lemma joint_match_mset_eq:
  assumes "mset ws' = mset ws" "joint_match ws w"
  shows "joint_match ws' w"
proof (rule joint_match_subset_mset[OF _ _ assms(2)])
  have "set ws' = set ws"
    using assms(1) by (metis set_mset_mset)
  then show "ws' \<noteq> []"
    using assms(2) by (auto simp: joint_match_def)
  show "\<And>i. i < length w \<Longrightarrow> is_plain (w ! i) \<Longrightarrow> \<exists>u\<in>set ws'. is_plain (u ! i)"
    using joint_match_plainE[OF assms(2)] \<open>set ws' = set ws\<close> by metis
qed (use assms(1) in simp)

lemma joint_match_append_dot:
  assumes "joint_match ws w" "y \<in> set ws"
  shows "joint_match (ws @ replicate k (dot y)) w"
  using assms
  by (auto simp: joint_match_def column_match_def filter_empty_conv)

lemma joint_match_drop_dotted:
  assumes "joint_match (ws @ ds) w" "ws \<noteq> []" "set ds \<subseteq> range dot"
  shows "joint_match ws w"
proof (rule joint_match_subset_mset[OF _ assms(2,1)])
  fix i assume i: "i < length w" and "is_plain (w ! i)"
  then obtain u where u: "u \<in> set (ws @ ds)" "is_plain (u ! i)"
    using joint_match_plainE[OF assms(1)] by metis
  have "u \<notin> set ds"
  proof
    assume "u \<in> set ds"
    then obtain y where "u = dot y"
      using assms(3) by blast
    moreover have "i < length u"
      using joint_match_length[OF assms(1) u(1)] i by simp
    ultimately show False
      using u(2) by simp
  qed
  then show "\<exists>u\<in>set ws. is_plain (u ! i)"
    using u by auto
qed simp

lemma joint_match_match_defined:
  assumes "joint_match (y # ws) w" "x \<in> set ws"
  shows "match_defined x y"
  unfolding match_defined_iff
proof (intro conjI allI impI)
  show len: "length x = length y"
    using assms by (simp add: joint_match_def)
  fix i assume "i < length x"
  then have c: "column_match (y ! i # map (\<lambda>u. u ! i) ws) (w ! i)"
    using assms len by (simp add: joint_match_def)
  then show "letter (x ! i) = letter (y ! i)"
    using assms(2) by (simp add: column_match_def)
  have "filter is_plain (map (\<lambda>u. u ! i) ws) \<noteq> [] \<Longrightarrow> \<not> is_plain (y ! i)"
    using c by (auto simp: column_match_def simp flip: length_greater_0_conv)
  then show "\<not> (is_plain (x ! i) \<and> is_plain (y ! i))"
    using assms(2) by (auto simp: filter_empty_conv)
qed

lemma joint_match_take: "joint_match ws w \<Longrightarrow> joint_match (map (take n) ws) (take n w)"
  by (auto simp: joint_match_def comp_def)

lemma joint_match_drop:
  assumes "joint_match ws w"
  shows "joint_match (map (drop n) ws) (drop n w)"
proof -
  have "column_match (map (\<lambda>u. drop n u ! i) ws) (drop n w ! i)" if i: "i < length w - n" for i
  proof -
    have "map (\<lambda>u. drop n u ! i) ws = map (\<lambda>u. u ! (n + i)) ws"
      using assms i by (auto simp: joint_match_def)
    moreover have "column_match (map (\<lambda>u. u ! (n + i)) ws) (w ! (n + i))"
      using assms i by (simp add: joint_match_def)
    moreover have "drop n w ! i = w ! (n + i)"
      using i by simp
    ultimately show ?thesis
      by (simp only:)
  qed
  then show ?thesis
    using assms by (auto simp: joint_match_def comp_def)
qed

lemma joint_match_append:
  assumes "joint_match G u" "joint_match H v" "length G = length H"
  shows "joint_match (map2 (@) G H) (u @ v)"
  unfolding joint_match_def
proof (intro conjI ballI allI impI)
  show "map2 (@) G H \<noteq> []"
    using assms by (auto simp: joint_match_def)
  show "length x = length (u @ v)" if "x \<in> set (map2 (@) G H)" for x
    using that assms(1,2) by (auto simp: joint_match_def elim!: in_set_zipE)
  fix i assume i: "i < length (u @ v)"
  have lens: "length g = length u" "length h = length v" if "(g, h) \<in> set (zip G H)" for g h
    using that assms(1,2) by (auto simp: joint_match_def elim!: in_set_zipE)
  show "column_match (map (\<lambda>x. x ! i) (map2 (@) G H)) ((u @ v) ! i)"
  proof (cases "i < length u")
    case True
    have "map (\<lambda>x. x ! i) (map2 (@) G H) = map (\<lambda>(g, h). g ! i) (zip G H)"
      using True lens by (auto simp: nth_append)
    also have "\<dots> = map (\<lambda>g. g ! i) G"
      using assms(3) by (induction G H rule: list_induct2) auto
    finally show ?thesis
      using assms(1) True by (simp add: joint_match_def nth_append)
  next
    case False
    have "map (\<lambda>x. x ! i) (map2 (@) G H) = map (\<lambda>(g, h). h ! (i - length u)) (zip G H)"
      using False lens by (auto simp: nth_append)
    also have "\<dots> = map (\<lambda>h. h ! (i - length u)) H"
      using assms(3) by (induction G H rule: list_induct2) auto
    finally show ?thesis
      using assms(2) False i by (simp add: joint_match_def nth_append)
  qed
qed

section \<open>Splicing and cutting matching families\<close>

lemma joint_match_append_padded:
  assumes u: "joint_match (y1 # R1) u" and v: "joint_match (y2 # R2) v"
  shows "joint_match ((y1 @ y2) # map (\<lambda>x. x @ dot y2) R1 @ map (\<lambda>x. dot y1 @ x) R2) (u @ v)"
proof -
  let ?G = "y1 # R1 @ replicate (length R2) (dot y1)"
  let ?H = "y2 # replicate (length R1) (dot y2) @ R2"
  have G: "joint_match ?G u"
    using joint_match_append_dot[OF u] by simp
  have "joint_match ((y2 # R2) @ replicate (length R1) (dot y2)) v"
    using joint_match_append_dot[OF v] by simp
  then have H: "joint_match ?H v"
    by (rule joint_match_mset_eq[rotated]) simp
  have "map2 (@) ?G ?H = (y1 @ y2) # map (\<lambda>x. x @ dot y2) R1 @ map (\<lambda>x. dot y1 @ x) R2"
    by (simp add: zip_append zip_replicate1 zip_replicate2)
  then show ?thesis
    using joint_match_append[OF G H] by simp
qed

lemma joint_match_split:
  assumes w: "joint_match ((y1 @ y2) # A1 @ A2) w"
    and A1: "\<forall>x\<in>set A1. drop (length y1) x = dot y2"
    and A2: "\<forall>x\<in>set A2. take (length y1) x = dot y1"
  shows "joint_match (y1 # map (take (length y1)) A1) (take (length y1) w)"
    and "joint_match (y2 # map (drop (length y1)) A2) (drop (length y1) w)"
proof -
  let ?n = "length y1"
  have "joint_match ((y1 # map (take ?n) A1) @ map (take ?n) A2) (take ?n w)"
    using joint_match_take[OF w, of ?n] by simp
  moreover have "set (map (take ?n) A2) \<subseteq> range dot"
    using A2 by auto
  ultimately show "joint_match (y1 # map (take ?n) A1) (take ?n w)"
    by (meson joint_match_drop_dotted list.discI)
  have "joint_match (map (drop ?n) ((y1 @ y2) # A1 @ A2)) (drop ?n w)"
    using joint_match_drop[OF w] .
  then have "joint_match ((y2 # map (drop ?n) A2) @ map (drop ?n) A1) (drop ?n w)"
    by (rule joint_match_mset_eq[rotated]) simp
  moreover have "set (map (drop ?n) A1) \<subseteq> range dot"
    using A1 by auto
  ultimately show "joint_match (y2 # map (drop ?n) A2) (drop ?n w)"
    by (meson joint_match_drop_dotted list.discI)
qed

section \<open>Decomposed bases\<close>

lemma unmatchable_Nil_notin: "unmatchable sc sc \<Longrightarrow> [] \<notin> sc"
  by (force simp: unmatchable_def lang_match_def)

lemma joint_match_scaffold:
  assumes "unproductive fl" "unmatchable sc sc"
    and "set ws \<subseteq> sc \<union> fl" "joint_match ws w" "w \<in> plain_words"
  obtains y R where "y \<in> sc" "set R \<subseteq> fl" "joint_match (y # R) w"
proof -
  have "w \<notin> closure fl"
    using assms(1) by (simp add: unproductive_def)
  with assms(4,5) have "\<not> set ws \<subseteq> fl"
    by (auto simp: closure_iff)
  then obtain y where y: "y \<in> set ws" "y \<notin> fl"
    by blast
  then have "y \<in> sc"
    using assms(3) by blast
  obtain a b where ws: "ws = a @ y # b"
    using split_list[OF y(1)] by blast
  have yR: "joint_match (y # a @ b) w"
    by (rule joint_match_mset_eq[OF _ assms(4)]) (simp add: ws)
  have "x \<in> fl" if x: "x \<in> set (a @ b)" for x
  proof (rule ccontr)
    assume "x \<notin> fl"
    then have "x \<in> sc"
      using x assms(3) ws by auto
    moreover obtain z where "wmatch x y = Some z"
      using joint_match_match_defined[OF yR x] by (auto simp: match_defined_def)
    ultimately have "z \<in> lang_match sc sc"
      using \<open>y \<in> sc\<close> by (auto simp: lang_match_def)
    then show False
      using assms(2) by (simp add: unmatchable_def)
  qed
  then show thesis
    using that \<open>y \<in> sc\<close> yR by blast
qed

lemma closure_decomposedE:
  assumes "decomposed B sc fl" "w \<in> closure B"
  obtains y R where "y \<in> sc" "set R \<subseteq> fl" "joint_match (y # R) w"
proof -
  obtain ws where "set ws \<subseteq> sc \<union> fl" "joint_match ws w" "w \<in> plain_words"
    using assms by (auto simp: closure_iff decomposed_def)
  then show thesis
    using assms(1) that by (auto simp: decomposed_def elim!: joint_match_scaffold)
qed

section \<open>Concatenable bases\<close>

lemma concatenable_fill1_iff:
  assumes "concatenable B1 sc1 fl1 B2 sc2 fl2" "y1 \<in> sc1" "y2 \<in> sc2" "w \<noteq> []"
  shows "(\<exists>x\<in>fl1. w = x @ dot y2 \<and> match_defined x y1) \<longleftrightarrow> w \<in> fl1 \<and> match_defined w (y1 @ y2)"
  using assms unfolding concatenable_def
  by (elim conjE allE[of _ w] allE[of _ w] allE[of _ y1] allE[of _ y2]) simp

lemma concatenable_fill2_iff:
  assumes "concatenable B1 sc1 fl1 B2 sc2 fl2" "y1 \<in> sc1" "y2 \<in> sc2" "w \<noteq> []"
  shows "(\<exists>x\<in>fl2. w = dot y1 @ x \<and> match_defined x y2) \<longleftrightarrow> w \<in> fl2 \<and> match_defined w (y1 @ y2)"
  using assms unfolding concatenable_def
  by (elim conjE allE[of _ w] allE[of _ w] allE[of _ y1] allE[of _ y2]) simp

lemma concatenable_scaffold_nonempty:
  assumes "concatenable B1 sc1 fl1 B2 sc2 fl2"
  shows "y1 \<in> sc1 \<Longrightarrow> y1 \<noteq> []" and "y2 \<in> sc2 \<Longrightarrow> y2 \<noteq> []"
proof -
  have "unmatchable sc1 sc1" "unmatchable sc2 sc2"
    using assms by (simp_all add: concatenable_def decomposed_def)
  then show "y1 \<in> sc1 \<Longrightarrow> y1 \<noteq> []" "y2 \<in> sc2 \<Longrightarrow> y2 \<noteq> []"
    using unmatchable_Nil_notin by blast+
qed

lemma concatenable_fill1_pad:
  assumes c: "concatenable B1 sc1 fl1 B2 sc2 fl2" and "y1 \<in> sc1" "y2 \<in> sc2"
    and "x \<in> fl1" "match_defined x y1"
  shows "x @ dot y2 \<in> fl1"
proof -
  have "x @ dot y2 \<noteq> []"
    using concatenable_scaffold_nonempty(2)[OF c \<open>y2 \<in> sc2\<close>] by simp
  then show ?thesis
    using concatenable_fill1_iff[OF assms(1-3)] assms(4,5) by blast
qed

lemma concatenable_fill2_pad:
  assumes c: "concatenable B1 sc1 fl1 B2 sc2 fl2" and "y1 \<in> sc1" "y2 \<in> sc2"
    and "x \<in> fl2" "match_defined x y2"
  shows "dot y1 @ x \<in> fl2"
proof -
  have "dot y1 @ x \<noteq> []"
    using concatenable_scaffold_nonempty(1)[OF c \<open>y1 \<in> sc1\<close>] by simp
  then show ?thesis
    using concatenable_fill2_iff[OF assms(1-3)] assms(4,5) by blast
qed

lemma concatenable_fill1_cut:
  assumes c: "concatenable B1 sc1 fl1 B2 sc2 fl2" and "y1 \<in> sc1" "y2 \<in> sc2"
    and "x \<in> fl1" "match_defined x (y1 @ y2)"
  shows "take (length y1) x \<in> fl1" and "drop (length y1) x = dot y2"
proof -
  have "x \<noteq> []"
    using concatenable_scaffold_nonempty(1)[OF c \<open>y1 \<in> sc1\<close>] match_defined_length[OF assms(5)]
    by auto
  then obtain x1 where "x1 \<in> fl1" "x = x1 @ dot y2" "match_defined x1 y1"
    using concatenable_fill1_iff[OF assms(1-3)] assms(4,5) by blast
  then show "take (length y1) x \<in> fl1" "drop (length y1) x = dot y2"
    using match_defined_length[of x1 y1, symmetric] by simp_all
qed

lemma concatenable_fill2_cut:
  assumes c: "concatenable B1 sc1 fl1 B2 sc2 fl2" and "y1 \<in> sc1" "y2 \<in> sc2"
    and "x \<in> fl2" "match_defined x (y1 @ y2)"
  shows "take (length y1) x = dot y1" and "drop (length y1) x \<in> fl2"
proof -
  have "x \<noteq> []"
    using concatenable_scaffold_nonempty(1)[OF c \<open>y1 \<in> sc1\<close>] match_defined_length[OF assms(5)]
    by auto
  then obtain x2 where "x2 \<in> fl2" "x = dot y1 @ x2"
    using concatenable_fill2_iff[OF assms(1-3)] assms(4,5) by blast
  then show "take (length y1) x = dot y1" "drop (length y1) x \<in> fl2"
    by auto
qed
● ● ● ● ●
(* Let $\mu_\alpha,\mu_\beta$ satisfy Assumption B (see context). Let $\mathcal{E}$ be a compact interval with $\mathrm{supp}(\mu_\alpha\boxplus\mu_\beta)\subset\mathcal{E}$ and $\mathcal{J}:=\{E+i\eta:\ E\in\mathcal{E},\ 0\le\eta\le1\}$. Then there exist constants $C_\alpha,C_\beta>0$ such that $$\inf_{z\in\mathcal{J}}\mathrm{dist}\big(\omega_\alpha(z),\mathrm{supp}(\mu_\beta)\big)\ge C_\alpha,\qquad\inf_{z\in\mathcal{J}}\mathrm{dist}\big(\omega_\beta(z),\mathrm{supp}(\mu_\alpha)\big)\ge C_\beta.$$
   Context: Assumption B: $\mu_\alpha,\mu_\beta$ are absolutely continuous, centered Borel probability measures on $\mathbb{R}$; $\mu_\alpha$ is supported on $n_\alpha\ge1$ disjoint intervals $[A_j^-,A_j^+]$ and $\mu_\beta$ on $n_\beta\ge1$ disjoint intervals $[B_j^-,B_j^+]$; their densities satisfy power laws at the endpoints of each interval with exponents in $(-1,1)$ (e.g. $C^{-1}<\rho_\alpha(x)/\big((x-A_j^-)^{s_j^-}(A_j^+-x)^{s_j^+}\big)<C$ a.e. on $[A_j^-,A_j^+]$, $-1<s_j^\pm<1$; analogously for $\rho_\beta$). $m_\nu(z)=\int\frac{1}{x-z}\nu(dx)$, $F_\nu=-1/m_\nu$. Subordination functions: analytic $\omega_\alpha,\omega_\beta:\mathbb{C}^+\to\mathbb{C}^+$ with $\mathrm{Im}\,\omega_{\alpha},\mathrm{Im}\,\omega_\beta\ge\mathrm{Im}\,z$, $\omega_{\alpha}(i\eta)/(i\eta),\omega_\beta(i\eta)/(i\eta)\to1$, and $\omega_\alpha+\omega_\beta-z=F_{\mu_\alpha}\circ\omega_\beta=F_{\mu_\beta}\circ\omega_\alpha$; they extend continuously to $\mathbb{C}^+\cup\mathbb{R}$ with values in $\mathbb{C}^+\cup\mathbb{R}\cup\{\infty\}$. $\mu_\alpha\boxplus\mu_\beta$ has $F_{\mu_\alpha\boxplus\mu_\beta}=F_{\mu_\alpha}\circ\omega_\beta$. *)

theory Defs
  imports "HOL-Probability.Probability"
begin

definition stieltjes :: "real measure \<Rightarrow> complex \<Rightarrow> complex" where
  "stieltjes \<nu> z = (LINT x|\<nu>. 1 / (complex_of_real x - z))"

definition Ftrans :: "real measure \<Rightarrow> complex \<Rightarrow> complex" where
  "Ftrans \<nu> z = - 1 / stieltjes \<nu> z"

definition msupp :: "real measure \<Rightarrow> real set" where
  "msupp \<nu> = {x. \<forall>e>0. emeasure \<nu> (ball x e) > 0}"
● ● ● ● ●
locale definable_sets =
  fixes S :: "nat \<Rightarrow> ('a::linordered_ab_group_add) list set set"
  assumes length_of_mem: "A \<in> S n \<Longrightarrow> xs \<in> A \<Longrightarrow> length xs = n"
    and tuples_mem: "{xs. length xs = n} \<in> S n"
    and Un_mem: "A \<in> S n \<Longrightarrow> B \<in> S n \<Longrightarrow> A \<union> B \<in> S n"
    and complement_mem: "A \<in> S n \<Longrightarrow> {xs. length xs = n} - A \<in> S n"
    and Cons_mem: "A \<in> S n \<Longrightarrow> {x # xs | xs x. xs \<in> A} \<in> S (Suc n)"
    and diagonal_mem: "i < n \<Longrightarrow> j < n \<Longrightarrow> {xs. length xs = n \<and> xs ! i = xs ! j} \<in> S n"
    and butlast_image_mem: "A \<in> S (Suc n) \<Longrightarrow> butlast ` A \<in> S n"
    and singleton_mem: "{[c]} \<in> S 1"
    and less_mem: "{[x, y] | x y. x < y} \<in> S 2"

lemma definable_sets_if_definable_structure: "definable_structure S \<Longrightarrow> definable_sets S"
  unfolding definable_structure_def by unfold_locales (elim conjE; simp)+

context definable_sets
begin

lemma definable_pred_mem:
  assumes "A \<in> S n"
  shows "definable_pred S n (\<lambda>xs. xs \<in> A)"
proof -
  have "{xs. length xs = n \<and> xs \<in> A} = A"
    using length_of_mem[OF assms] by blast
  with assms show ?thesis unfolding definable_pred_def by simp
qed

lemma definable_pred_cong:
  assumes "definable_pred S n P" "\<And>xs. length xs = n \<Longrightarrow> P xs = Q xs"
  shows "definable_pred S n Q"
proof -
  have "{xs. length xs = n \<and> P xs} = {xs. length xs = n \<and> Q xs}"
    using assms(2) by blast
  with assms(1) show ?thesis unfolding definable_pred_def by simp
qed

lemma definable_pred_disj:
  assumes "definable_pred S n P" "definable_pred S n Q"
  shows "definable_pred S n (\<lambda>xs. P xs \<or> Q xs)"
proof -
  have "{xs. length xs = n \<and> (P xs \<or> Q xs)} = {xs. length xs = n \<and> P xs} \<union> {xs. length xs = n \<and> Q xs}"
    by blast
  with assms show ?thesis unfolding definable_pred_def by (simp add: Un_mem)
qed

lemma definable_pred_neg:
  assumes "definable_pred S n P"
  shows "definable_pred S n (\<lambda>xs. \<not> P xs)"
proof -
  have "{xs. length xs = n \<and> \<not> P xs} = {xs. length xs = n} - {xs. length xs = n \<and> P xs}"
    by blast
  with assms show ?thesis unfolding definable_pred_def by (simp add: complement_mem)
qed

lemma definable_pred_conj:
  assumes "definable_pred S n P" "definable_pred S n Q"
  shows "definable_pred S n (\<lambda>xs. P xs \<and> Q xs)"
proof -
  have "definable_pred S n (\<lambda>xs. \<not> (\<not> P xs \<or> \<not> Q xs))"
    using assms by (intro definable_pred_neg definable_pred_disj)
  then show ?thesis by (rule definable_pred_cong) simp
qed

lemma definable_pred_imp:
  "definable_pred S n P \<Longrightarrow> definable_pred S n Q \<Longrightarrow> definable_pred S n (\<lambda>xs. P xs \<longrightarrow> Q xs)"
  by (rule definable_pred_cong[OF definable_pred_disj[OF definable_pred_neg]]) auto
● ● ● ● ●
> Assigned task
Lines holding the word "rule" should be copied from the entries above.

> Answer
proof (rule joint_match_subset_mset[OF _ _ assms(2)])
proof (rule joint_match_subset_mset[OF _ assms(2,1)])
      using assms(3) by (induction G H rule: list_induct2) auto
      using assms(3) by (induction G H rule: list_induct2) auto
    by (rule joint_match_mset_eq[rotated]) simp
    by (rule joint_match_mset_eq[rotated]) simp
    by (rule joint_match_mset_eq[OF _ assms(4)]) (simp add: ws)
  proof (rule ccontr)
  then show ?thesis by (rule definable_pred_cong) simp
  by (rule definable_pred_cong[OF definable_pred_disj[OF definable_pred_neg]]) auto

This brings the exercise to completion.